**ABOUT THIS TASK**:
The line that contains "theory Defs" marks the end: retype the data below exactly from its first line through that line.
+ + + + + + +
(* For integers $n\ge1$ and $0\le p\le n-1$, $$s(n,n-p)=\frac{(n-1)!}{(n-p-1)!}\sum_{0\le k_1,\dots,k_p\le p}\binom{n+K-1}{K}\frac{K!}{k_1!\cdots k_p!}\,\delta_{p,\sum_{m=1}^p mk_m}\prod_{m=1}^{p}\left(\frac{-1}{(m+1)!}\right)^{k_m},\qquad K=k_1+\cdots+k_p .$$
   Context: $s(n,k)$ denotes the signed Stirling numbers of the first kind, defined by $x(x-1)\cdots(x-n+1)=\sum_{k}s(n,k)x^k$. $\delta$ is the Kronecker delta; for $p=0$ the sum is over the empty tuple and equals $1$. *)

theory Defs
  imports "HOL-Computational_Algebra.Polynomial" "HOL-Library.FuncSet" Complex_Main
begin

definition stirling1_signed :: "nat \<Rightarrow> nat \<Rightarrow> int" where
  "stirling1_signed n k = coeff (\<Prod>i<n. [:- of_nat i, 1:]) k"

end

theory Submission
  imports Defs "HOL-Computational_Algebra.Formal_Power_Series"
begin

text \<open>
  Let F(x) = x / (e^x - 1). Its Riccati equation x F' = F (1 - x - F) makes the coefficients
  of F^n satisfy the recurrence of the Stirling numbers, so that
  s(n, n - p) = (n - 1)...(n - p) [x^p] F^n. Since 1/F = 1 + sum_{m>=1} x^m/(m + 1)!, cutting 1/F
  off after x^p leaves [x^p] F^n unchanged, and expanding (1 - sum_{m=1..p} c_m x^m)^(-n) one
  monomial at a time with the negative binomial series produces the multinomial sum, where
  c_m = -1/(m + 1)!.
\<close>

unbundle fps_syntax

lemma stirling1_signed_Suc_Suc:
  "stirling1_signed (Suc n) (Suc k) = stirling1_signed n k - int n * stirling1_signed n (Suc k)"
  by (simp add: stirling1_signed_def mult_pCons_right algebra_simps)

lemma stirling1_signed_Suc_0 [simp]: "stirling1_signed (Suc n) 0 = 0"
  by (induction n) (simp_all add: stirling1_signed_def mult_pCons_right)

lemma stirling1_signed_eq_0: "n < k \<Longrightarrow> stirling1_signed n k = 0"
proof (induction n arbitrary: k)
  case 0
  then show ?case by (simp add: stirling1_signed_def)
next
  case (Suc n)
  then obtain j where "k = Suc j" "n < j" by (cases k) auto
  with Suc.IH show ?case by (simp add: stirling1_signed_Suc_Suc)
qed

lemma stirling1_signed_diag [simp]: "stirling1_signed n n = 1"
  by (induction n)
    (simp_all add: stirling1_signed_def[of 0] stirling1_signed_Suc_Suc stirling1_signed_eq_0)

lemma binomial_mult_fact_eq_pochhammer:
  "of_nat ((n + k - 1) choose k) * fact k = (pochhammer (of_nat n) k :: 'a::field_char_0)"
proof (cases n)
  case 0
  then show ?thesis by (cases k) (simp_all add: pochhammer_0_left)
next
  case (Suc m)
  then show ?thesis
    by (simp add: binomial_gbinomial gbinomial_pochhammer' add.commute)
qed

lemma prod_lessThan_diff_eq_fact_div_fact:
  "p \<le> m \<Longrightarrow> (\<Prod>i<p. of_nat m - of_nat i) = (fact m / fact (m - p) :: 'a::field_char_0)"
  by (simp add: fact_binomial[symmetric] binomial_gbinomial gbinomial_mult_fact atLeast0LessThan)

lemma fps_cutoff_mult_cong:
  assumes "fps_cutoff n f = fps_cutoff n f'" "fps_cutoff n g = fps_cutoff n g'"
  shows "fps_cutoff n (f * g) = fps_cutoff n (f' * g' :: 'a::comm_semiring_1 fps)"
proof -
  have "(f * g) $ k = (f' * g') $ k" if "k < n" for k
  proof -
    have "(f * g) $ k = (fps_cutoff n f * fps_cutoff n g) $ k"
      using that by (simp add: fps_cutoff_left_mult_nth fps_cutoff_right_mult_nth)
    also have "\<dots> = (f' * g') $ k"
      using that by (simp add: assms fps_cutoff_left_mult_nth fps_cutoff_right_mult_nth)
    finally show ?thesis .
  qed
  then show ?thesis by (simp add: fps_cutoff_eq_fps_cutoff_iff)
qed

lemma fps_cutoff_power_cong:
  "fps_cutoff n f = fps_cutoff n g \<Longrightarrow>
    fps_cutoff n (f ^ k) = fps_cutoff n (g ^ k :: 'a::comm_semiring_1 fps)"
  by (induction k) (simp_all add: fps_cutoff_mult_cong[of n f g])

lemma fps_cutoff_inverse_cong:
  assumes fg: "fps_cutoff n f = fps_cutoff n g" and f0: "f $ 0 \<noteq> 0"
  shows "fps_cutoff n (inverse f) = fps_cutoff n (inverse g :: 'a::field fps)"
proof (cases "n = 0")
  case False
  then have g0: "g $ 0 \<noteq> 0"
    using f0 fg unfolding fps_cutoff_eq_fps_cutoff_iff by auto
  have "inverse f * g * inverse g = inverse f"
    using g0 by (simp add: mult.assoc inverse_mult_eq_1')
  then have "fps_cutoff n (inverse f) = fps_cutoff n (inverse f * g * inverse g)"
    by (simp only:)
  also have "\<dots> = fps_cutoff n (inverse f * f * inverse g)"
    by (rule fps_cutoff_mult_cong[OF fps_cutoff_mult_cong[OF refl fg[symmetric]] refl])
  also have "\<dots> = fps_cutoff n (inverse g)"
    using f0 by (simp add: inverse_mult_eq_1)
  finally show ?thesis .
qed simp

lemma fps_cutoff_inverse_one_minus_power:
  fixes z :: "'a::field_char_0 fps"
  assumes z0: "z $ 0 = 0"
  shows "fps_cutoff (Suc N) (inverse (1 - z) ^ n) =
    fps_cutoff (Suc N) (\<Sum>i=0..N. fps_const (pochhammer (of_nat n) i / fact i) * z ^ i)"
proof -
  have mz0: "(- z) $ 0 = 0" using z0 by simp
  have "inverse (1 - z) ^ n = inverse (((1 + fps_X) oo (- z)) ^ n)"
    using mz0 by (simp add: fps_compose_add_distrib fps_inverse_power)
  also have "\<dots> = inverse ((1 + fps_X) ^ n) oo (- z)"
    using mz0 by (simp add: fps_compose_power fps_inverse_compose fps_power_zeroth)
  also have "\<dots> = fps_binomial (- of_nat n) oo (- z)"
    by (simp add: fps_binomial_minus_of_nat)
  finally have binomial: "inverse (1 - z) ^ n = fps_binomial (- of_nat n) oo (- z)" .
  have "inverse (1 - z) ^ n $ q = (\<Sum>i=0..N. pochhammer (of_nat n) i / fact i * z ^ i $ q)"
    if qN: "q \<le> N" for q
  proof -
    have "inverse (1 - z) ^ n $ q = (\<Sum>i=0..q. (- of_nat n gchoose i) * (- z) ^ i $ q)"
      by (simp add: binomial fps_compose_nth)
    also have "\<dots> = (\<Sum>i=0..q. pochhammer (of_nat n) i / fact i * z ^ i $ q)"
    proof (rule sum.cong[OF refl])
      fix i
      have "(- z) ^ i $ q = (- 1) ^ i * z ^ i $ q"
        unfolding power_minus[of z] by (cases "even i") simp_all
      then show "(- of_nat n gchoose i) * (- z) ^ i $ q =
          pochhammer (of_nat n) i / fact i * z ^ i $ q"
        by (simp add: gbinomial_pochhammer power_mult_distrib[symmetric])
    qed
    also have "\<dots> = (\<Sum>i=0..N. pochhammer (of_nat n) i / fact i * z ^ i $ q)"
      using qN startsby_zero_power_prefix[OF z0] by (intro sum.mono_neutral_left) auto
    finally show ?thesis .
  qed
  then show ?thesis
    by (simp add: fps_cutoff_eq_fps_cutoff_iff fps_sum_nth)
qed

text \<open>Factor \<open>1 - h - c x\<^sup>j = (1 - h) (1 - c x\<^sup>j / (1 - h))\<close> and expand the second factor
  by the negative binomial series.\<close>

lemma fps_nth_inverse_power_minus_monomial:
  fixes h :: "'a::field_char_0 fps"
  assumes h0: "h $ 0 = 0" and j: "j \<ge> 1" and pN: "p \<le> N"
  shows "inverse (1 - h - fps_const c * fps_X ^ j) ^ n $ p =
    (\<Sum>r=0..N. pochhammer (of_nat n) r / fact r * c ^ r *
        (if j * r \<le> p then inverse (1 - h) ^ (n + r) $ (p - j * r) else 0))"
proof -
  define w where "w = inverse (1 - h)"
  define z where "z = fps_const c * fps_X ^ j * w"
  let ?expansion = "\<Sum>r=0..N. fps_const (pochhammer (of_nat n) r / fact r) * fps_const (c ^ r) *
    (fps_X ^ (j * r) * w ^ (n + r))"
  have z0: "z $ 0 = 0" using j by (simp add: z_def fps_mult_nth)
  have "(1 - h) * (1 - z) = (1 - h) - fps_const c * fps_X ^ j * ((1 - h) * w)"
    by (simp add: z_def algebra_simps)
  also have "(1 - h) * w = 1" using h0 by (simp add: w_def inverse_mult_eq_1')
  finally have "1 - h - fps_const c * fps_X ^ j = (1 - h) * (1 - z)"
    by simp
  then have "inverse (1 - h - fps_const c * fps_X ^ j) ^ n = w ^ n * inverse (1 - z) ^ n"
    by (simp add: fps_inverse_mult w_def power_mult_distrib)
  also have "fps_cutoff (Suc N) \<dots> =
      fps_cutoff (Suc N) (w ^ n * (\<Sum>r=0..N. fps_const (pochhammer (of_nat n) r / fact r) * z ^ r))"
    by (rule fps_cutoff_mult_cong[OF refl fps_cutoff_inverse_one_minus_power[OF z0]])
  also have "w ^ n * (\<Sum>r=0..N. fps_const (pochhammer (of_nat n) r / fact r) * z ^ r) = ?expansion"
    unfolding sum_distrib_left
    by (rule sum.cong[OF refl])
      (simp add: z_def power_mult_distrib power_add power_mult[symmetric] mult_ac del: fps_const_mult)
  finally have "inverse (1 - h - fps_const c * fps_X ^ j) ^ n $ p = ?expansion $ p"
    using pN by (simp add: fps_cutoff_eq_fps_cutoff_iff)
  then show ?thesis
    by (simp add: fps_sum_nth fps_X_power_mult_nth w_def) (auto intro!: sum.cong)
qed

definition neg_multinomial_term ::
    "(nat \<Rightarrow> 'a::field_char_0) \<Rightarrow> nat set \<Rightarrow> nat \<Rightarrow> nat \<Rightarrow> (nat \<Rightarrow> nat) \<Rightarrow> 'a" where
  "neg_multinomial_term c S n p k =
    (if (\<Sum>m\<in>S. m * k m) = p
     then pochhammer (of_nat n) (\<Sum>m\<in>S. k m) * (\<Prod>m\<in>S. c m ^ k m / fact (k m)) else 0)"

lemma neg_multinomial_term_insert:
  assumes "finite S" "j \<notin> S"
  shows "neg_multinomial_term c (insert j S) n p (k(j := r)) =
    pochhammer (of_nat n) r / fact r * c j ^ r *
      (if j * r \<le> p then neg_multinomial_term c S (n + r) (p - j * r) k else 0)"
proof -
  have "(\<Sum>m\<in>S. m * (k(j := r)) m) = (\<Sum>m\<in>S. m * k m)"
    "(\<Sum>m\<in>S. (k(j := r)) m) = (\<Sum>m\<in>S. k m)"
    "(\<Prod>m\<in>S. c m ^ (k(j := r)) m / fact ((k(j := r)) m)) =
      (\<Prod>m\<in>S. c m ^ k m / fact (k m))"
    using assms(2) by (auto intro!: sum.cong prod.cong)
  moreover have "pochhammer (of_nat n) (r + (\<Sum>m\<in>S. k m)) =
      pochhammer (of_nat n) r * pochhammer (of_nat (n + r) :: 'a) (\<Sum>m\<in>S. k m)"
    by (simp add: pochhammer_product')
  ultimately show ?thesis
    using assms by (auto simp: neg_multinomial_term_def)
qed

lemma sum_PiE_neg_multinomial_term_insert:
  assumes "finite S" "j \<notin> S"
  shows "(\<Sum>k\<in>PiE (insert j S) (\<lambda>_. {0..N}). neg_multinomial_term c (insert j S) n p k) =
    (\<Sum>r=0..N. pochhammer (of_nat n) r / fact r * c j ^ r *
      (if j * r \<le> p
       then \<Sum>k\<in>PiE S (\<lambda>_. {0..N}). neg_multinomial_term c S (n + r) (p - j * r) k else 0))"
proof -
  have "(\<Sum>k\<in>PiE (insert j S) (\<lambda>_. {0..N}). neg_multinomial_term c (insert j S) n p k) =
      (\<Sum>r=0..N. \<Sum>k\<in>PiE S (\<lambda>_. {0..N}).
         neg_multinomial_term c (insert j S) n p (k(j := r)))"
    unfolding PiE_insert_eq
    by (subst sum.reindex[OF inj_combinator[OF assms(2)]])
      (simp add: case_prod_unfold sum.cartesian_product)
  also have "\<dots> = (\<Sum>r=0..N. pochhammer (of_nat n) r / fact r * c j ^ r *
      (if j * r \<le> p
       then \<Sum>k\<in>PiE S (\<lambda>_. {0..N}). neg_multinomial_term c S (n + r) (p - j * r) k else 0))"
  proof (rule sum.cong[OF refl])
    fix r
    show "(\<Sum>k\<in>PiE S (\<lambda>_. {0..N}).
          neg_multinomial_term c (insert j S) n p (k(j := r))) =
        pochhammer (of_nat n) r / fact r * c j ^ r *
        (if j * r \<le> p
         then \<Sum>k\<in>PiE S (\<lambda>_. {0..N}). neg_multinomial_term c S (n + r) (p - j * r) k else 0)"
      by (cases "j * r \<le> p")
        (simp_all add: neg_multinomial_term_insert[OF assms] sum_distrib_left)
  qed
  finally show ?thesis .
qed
+ + + + + + +
**OUTPUT OF THE TASK**:
(* For integers $n\ge1$ and $0\le p\le n-1$, $$s(n,n-p)=\frac{(n-1)!}{(n-p-1)!}\sum_{0\le k_1,\dots,k_p\le p}\binom{n+K-1}{K}\frac{K!}{k_1!\cdots k_p!}\,\delta_{p,\sum_{m=1}^p mk_m}\prod_{m=1}^{p}\left(\frac{-1}{(m+1)!}\right)^{k_m},\qquad K=k_1+\cdots+k_p .$$
   Context: $s(n,k)$ denotes the signed Stirling numbers of the first kind, defined by $x(x-1)\cdots(x-n+1)=\sum_{k}s(n,k)x^k$. $\delta$ is the Kronecker delta; for $p=0$ the sum is over the empty tuple and equals $1$. *)

theory Defs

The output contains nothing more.